In this paper, we compare the performance of various BERT-based models with regard to the use of clinical free-text progress notes to predict glaucoma progression to surgery. Four different widely accepted BERT-based models—original BERT, BioBERT, RoBERTa, and DistilBERT—were selected. We demonstrated that BERT-based models can provide some predictive value for the progression of glaucoma based on the clinical free-text notes, representing the first efforts demonstrating the use of BERT-based models for ophthalmology clinical text. 
Methods
Data Source, Study Cohort, and Population Characteristics
We identified from the Stanford Clinical Data Warehouse15 unique adult patients from 2009 to 2018 who underwent incisional glaucoma surgery (Current Procedural Terminology codes 66150, 66155, 66160,66165, 66170, 66172, 66174, 66175, 66179, 66180, 66183, 66184, 66185, 67250, 67255, 0191T, 0376T, 0474T, 0253T, 0449T, 0450T, 0192T, 65820, 65850, 66700, 66710, 66711, 66720, 66740, 66625, and 66540) or who had two or more instances of a glaucoma diagnosis but did not undergo glaucoma surgery (International Classification of Disease [ICD]-10 codes H40- [except H40.0-], H42-, Q150-, and their ICD-9 equivalents). Surgical patients must have had at least 120 days of baseline follow-up prior to surgery. Non-surgical patients must have had at least 120 days of follow-up. In all, there were 748 surgical patients and 3764 nonsurgical patients. A flow diagram illustrating the cohort creation is presented in Figure 1. Population characteristics, including demographic information and baseline visual acuity and intraocular pressure, were summarized for the cohort using structured data available from the EHR,16 with proportions for categorical variables and means and standard deviations for continuous variables. Research was approved by the Stanford Institutional Review Board and adhered to the tenets of the Declaration of Helsinki. 
Figure 1.
 
Flow diagram of patient identification and cohort creation.
Figure 1.
 
Flow diagram of patient identification and cohort creation.
Clinical Notes Dataset
We identified the first three clinical progress notes from within the first 120 days of follow-up and combined them into a single document for each patient. This period was chosen because new patients to our institution frequently return on separate visits to complete baseline testing such as imaging and visual fields, and it is common to take approximately 3 months to complete the testing. The train, validation, and test datasets were randomly split with an approximate ratio of 8:1:1. The training set contained 601 surgical patients and 3011 nonsurgical patients. The validation dataset contained 63 surgical patients and 337 nonsurgical patients. The test dataset contained 84 surgical patients and 416 nonsurgical patients. 
Modeling Approach
Overview
BERT-based language models are trained in an unsupervised manner over large corpora of text in order to generate representations of the words that reflect their use and meaning. The original BERT model has undergone a variety of different refinements, having been pre-trained on different types of corpora or with slightly different parameters, as summarized below. We evaluated four pre-trained BERT-based models from the huggingface platform17 for our task of predicting glaucoma progression requiring surgery using clinical free-text notes: 
  • BERT—BERT is short for Bidirectional Encoder Representations from Transformers, and its architecture relies on the attention mechanism to learn the inner representation of the language. It was pre-trained on a general English language corpus (BookCorpus and English Wikipedia), with masked language modeling and next sentence prediction tasks.10 We applied bert-base-uncased (12 layers, 768 hidden states, 12 heads, 110 million parameters) to represent the key information from the clinical notes.
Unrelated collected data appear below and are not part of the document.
(* Let $m\ge 2$ be an integer and let $Y_1,Y_2,\ldots$ be independent, identically distributed random variables with values in $\{0,1,2,\ldots\}$ and common probability function $f(y)=\mathbb{P}(Y_1=y)$, where $f(y)=0$ for $y\notin\{0,1,\ldots,m\}$ and $f(m)>0$. Assume $\mathbb{E}(Y_1)<1$. For an integer $u\ge 0$ consider the Gerber–Dickson risk process $$U(t)=u+t-\sum_{j=1}^{t}Y_j,\qquad t=0,1,2,\ldots,$$ the time of ruin $\tau=\min\{t\ge 1: U(t)\le 0\}$ (with $\min\emptyset=\infty$), and the ultimate ruin probability $\psi(u)=\mathbb{P}(\tau<\infty\mid U(0)=u)$. Define $$\alpha_0=\frac{1-f(1)}{f(0)},\qquad \alpha_k=-\frac{f(k+1)}{f(0)}\quad (k=1,\ldots,m-1).$$ Then: (i) $\psi$ satisfies the linear recurrence $$\psi(u+m+1)=\sum_{k=0}^{m-1}\alpha_k\,\psi(u+m-k)\qquad\text{for all } u\ge 0;$$ (ii) if $z_1,\ldots,z_\ell$ are the distinct (possibly complex) roots of the characteristic polynomial $$p(y)=y^m-\sum_{k=0}^{m-1}\alpha_k\,y^{m-1-k},$$ with multiplicities $n_1,\ldots,n_\ell$ respectively (so $n_1+\cdots+n_\ell=m$), then there exist constants $b_{k,j}\in\mathbb{C}$ ($1\le k\le \ell$, $1\le j\le n_k$) such that $$\psi(u)=\sum_{k=1}^{\ell}\sum_{j=1}^{n_k} b_{k,j}\,u^{j-1}\,z_k^{u}\qquad\text{for all } u\ge 1.$$
   Context: The net profit condition $\mathbb{E}(Y_1)<1$ implies $f(0)>0$, so the coefficients $\alpha_k$ are well defined. The constants $b_{k,j}$ are those matching the values $\psi(1),\ldots,\psi(m)$. *)

theory Defs
  imports "HOL-Probability.Probability" "HOL-Computational_Algebra.Polynomial"
begin

definition ruin_prob :: "'a measure \<Rightarrow> (nat \<Rightarrow> 'a \<Rightarrow> nat) \<Rightarrow> nat \<Rightarrow> real" where
  "ruin_prob M Y u = measure M {\<omega> \<in> space M.
      \<exists>t::nat. t \<ge> 1 \<and> int u + int t - (\<Sum>j=1..t. int (Y j \<omega>)) \<le> 0}"

definition alpha :: "(nat \<Rightarrow> real) \<Rightarrow> nat \<Rightarrow> real" where
  "alpha f k = (if k = 0 then (1 - f 1) / f 0 else - f (k + 1) / f 0)"

definition char_poly :: "(nat \<Rightarrow> real) \<Rightarrow> nat \<Rightarrow> complex poly" where
  "char_poly f m = monom 1 m - (\<Sum>k<m. monom (complex_of_real (alpha f k)) (m - 1 - k))"

end

theory Submission
  imports Defs "HOL-Computational_Algebra.Fundamental_Theorem_Algebra"
begin

text \<open>Conditioning on the first claim gives the first-step equation
  \<open>\<psi>(u) = \<Sum>\<^sub>y f(y) (if y \<ge> u + 1 then 1 else \<psi>(u + 1 - y))\<close>.
  It is the limit \<open>T \<rightarrow> \<infinity>\<close> of the same identity for ruin within \<open>T\<close> periods, which
  is a finite sum over the claim paths in \<open>{0..m}\<^sup>T\<close> by independence.  Taken at \<open>u + m\<close> and
  solved for \<open>\<psi>(u + m + 1)\<close>, which needs \<open>f(0) > 0\<close> (a consequence of \<open>E Y\<^sub>1 < 1\<close>), it is
  recurrence (i).

  Part (ii) is the classical solution of a linear recurrence with constant coefficients whose
  characteristic polynomial \<open>p\<close> has \<open>p(0) = f(m)/f(0) \<noteq> 0\<close>.  Splitting off a linear factor
  \<open>y - z\<close> of \<open>p\<close> lowers the order by one, and the remaining first-order equation
  \<open>a(n+1) = z a(n) + (quasi-polynomial)\<close> is solved by summing polynomial-geometric series:
  \<open>\<Sum>i<n. P(i) r\<^sup>i = R(n) r\<^sup>n - R(0)\<close> for a polynomial \<open>R\<close> of degree at most \<open>deg P\<close>, or
  \<open>deg P + 1\<close> if \<open>r = 1\<close>.\<close>

definition shift_diff :: "'a::comm_ring_1 \<Rightarrow> 'a poly \<Rightarrow> 'a poly" where
  "shift_diff r R = smult r (pcompose R [:1, 1:]) - R"

lemma poly_shift_diff [simp]: "poly (shift_diff r R) x = r * poly R (x + 1) - poly R x"
  by (simp add: shift_diff_def poly_pcompose add.commute)

lemma shift_diff_0 [simp]: "shift_diff r 0 = 0"
  by (simp add: shift_diff_def)

lemma shift_diff_add: "shift_diff r (p + q) = shift_diff r p + shift_diff r q"
  by (simp add: shift_diff_def pcompose_add smult_add_right)

lemma pcompose_monom_linear: "pcompose (monom c k) [:a, 1:] = smult c ([:a, 1:] ^ k)"
  by (induction k) (simp_all add: monom_0 monom_Suc pcompose_pCons pcompose_smult algebra_simps)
  • BioBERT—BERT was trained on a general corpus that does not include domain-specific vocabulary. However, domain-specific terms contain key information in the biomedical text. BioBERT (Bidirectional Encoder Representations from Transformers for Biomedical Text Mining) was designed to improve our understanding of the biomedical text by pre-training on the biomedical domain corpus (PubMed abstracts and PubMed Central full-text articles) with BERT weights initialization.18 BioBERT-Base v1.1 (+PubMed 1M) was selected because of its reported excellent performance.
  • RoBERTa—To improve the performance of BERT, a robustly optimized BERT approach (RoBERTa) was introduced by following the same training process as BERT with slight adjustments.19 RoBERTa was trained for a longer time on dynamically masked longer sequences with larger batch sizes. We applied a roberta-base (12 layers, 768 hidden states, 12 heads, 125 million parameters) to predict the progression of glaucoma requiring surgery.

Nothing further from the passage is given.